§ DATA EXTRACT:
§
lemma periodic_of_int:
  fixes f :: "real \<Rightarrow> 'a"
  assumes "\<And>y. f (y + 1) = f y"
  shows "f (y + of_int l) = f y"
proof (induction l arbitrary: y rule: int_induct[where k=0])
  case (step1 i)
  then show ?case using assms[of "y + of_int i"] by (simp add: add.assoc)
next
  case (step2 i)
  then show ?case using assms[of "y + of_int (i - 1)"] by (simp add: add.assoc)
qed simp

definition partials_family :: "(nat \<Rightarrow> nat \<Rightarrow> real \<Rightarrow> real \<Rightarrow> complex) \<Rightarrow> bool" where
  "partials_family D \<longleftrightarrow>
     (\<forall>m n x y. ((\<lambda>t. D m n t y) has_vector_derivative D (Suc m) n x y) (at x) \<and>
                ((\<lambda>t. D m n x t) has_vector_derivative D m (Suc n) x y) (at y))"

lemma smooth_xy_iff:
  "smooth_xy f \<longleftrightarrow> (\<exists>D. D 0 0 = f \<and> partials_family D \<and>
                           (\<forall>m n. continuous_on UNIV (\<lambda>z. D m n (fst z) (snd z))))"
  unfolding smooth_xy_def partials_family_def ..

lemma partials_familyD:
  assumes "partials_family D"
  shows "((\<lambda>t. D m n t y) has_vector_derivative D (Suc m) n x y) (at x)"
    and "((\<lambda>t. D m n x t) has_vector_derivative D m (Suc n) x y) (at y)"
  using assms unfolding partials_family_def by blast+

lemma iterated_partials_eq:
  assumes D: "partials_family D" and D0: "D 0 0 = (\<lambda>x y. \<Phi> x y p)"
  shows "(pdx ^^ m) ((pdy ^^ n) \<Phi>) x y p = D m n x y"
proof (induction m arbitrary: x y)
  case 0
  show ?case
  proof (induction n arbitrary: x y)
    case (Suc n)
    have "(pdy ^^ Suc n) \<Phi> x y p = vector_derivative (\<lambda>t. (pdy ^^ n) \<Phi> x t p) (at y)"
      by (simp only: funpow.simps o_apply pdy_def)
    also have "(\<lambda>t. (pdy ^^ n) \<Phi> x t p) = (\<lambda>t. D 0 n x t)" using Suc by simp
    finally show ?case using vector_derivative_at[OF partials_familyD(2)[OF D]] by simp
  qed (simp add: D0)
next
  case (Suc m)
  have "(pdx ^^ Suc m) ((pdy ^^ n) \<Phi>) x y p
        = vector_derivative (\<lambda>t. (pdx ^^ m) ((pdy ^^ n) \<Phi>) t y p) (at x)"
    by (simp only: funpow.simps o_apply pdx_def)
  also have "(\<lambda>t. (pdx ^^ m) ((pdy ^^ n) \<Phi>) t y p) = (\<lambda>t. D m n t y)" using Suc by simp
  finally show ?case using vector_derivative_at[OF partials_familyD(1)[OF D]] by simp
qed

lemma smooth_xy_partials:
  assumes "smooth_xy (\<lambda>x y. \<Phi> x y p)"
  shows "((\<lambda>t. \<Phi> t y p) has_vector_derivative pdx \<Phi> x y p) (at x)"
    and "((\<lambda>t. \<Phi> x t p) has_vector_derivative pdy \<Phi> x y p) (at y)"
proof -
  obtain D where D: "partials_family D" and D0: "D 0 0 = (\<lambda>x y. \<Phi> x y p)"
    using assms unfolding smooth_xy_iff by blast
  have "pdx \<Phi> x y p = D 1 0 x y" "pdy \<Phi> x y p = D 0 1 x y"
    using iterated_partials_eq[where \<Phi>=\<Phi> and p=p, OF D D0, of 1 0]
      iterated_partials_eq[where \<Phi>=\<Phi> and p=p, OF D D0, of 0 1]
    by simp_all
  then show "((\<lambda>t. \<Phi> t y p) has_vector_derivative pdx \<Phi> x y p) (at x)"
    and "((\<lambda>t. \<Phi> x t p) has_vector_derivative pdy \<Phi> x y p) (at y)"
    using partials_familyD[OF D, of 0 0] D0 by (simp_all add: fun_eq_iff)
qed

lemma ScD:
  assumes "\<Phi> \<in> Sc c"
  shows Sc_smooth: "smooth_xy (\<lambda>x y. \<Phi> x y p)"
    and Sc_periodic_y: "\<Phi> x (y + 1) p = \<Phi> x y p"
    and Sc_quasi_periodic_x: "\<Phi> (x + of_int k) y p = ee (real c * of_int k * of_int p * y) * \<Phi> x y p"
    and Sc_bounded_on_compact: "compact K \<Longrightarrow> \<exists>B. \<forall>x y p. (x, y) \<in> K \<longrightarrow>
           norm (complex_of_real (poly P (of_int p)) * ((pdx ^^ m) ((pdy ^^ n) \<Phi>)) x y p) \<le> B"
  using assms unfolding Sc_def by (auto dest: CollectD)

lemma Sc_has_pdx: "\<Phi> \<in> Sc c \<Longrightarrow> ((\<lambda>t. \<Phi> t y p) has_vector_derivative pdx \<Phi> x y p) (at x)"
  by (rule smooth_xy_partials(1)[OF Sc_smooth])

lemma Sc_has_pdy: "\<Phi> \<in> Sc c \<Longrightarrow> ((\<lambda>t. \<Phi> x t p) has_vector_derivative pdy \<Phi> x y p) (at y)"
  by (rule smooth_xy_partials(2)[OF Sc_smooth])
lemma angle_integral_eq_side_integral:
  fixes H :: "real \<times> real \<Rightarrow> ennreal"
  assumes [measurable]: "H \<in> borel_measurable borel"
  shows "angle_integral (\<lambda>(\<alpha>, \<beta>). H (sin \<alpha> / sin (\<alpha> + \<beta>), sin \<beta> / sin (\<alpha> + \<beta>))) = side_integral H"
proof -
  define K where "K a \<beta> = indicator {0<..<pi} \<beta> * indicator {0<..} a
    * H (a, third_side a \<beta>) * ennreal (sin \<beta> / (third_side a \<beta>)\<^sup>2)" for a \<beta> :: real
  have [measurable]: "case_prod K \<in> borel_measurable (lborel \<Otimes>\<^sub>M lborel)"
    unfolding K_def third_side_def by measurable
  have "indicator {0<..<pi} \<beta>
      * (\<integral>\<^sup>+\<alpha>. indicator {0<..<pi - \<beta>} \<alpha> * H (sin \<alpha> / sin (\<alpha> + \<beta>), sin \<beta> / sin (\<alpha> + \<beta>)) \<partial>lborel)
      = (\<integral>\<^sup>+a. K a \<beta> \<partial>lborel)" for \<beta>
  proof (cases "0 < \<beta> \<and> \<beta> < pi")
    case True
    then show ?thesis
      by (simp add: nn_integral_angle_to_side K_def mult.assoc)
  qed (auto simp: K_def)
  then have "angle_integral (\<lambda>(\<alpha>, \<beta>). H (sin \<alpha> / sin (\<alpha> + \<beta>), sin \<beta> / sin (\<alpha> + \<beta>)))
      = (\<integral>\<^sup>+\<beta>. \<integral>\<^sup>+a. K a \<beta> \<partial>lborel \<partial>lborel)"
    by (simp add: angle_integral_def)
  also have "\<dots> = (\<integral>\<^sup>+a. \<integral>\<^sup>+\<beta>. K a \<beta> \<partial>lborel \<partial>lborel)"
    by (rule lborel_pair.Fubini') measurable
  also have "\<dots> = side_integral H"
    unfolding side_integral_def
  proof (rule nn_integral_cong_AE)
    show "AE a in lborel. (\<integral>\<^sup>+\<beta>. K a \<beta> \<partial>lborel)
        = (\<integral>\<^sup>+b. indicator side_region (a, b) * H (a, b) * ennreal (1 / (a * b)) \<partial>lborel)"
      using AE_lborel_singleton[of 1]
    proof eventually_elim
      case (elim a)
      show ?case
      proof (cases "0 < a")
        case True
        have "(\<integral>\<^sup>+\<beta>. K a \<beta> \<partial>lborel) = (\<integral>\<^sup>+\<beta>. indicator {0<..<pi} \<beta>
            * (H (a, third_side a \<beta>) * ennreal (sin \<beta> / (third_side a \<beta>)\<^sup>2)) \<partial>lborel)"
          using True by (simp add: K_def mult.assoc)
        also have "\<dots> = (\<integral>\<^sup>+b. indicator {\<bar>1 - a\<bar><..<1 + a} b * H (a, b) * ennreal (1 / (a * b)) \<partial>lborel)"
          using True elim by (intro nn_integral_angle_to_third_side) auto
        also have "\<dots> = (\<integral>\<^sup>+b. indicator side_region (a, b) * H (a, b) * ennreal (1 / (a * b)) \<partial>lborel)"
          by (intro nn_integral_cong) (simp add: side_region_iff[OF True] indicator_def)
        finally show ?thesis .
      qed (auto simp: K_def side_region_def)
    qed
  qed
  finally show ?thesis .
qed

lemma angle_integral_cong:
  assumes "\<And>\<alpha> \<beta>. 0 < \<beta> \<Longrightarrow> \<beta> < pi \<Longrightarrow> \<beta> \<noteq> pi/2 \<Longrightarrow> 0 < \<alpha> \<Longrightarrow> \<alpha> < pi - \<beta> \<Longrightarrow> \<alpha> \<noteq> pi/2 \<Longrightarrow>
      Q1 (\<alpha>, \<beta>) = Q2 (\<alpha>, \<beta>)"
  shows "angle_integral Q1 = angle_integral Q2"
  unfolding angle_integral_def
proof (rule nn_integral_cong_AE)
  show "AE \<beta> in lborel. indicator {0<..<pi} \<beta> * (\<integral>\<^sup>+\<alpha>. indicator {0<..<pi - \<beta>} \<alpha> * Q1 (\<alpha>, \<beta>) \<partial>lborel)
      = indicator {0<..<pi} \<beta> * (\<integral>\<^sup>+\<alpha>. indicator {0<..<pi - \<beta>} \<alpha> * Q2 (\<alpha>, \<beta>) \<partial>lborel)"
    using AE_lborel_singleton[of "pi/2"]
  proof eventually_elim
    case (elim \<beta>)
    have "(\<integral>\<^sup>+\<alpha>. indicator {0<..<pi - \<beta>} \<alpha> * Q1 (\<alpha>, \<beta>) \<partial>lborel)
        = (\<integral>\<^sup>+\<alpha>. indicator {0<..<pi - \<beta>} \<alpha> * Q2 (\<alpha>, \<beta>) \<partial>lborel)" if "0 < \<beta>" "\<beta> < pi"
      using AE_lborel_singleton[of "pi/2"]
      by (intro nn_integral_cong_AE, eventually_elim) (use assms that elim in \<open>auto simp: indicator_def\<close>)
    then show ?case by (auto simp: indicator_def)
  qed
qed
§
§ EXERCISE REQUIREMENTS: The answer is the run of lines above from the line containing "proof (induction n arbitrary: x y)" through the line containing "(x + of_int", copied exactly and alone.

§ TASK OUTPUT:
  proof (induction n arbitrary: x y)
    case (Suc n)
    have "(pdy ^^ Suc n) \<Phi> x y p = vector_derivative (\<lambda>t. (pdy ^^ n) \<Phi> x t p) (at y)"
      by (simp only: funpow.simps o_apply pdy_def)
    also have "(\<lambda>t. (pdy ^^ n) \<Phi> x t p) = (\<lambda>t. D 0 n x t)" using Suc by simp
    finally show ?case using vector_derivative_at[OF partials_familyD(2)[OF D]] by simp
  qed (simp add: D0)
next
  case (Suc m)
  have "(pdx ^^ Suc m) ((pdy ^^ n) \<Phi>) x y p
        = vector_derivative (\<lambda>t. (pdx ^^ m) ((pdy ^^ n) \<Phi>) t y p) (at x)"
    by (simp only: funpow.simps o_apply pdx_def)
  also have "(\<lambda>t. (pdx ^^ m) ((pdy ^^ n) \<Phi>) t y p) = (\<lambda>t. D m n t y)" using Suc by simp
  finally show ?case using vector_derivative_at[OF partials_familyD(1)[OF D]] by simp
qed

lemma smooth_xy_partials:
  assumes "smooth_xy (\<lambda>x y. \<Phi> x y p)"
  shows "((\<lambda>t. \<Phi> t y p) has_vector_derivative pdx \<Phi> x y p) (at x)"
    and "((\<lambda>t. \<Phi> x t p) has_vector_derivative pdy \<Phi> x y p) (at y)"
proof -
  obtain D where D: "partials_family D" and D0: "D 0 0 = (\<lambda>x y. \<Phi> x y p)"
    using assms unfolding smooth_xy_iff by blast
  have "pdx \<Phi> x y p = D 1 0 x y" "pdy \<Phi> x y p = D 0 1 x y"
    using iterated_partials_eq[where \<Phi>=\<Phi> and p=p, OF D D0, of 1 0]
      iterated_partials_eq[where \<Phi>=\<Phi> and p=p, OF D D0, of 0 1]
    by simp_all
  then show "((\<lambda>t. \<Phi> t y p) has_vector_derivative pdx \<Phi> x y p) (at x)"
    and "((\<lambda>t. \<Phi> x t p) has_vector_derivative pdy \<Phi> x y p) (at y)"
    using partials_familyD[OF D, of 0 0] D0 by (simp_all add: fun_eq_iff)
qed

lemma ScD:
  assumes "\<Phi> \<in> Sc c"
  shows Sc_smooth: "smooth_xy (\<lambda>x y. \<Phi> x y p)"
    and Sc_periodic_y: "\<Phi> x (y + 1) p = \<Phi> x y p"
    and Sc_quasi_periodic_x: "\<Phi> (x + of_int k) y p = ee (real c * of_int k * of_int p * y) * \<Phi> x y p"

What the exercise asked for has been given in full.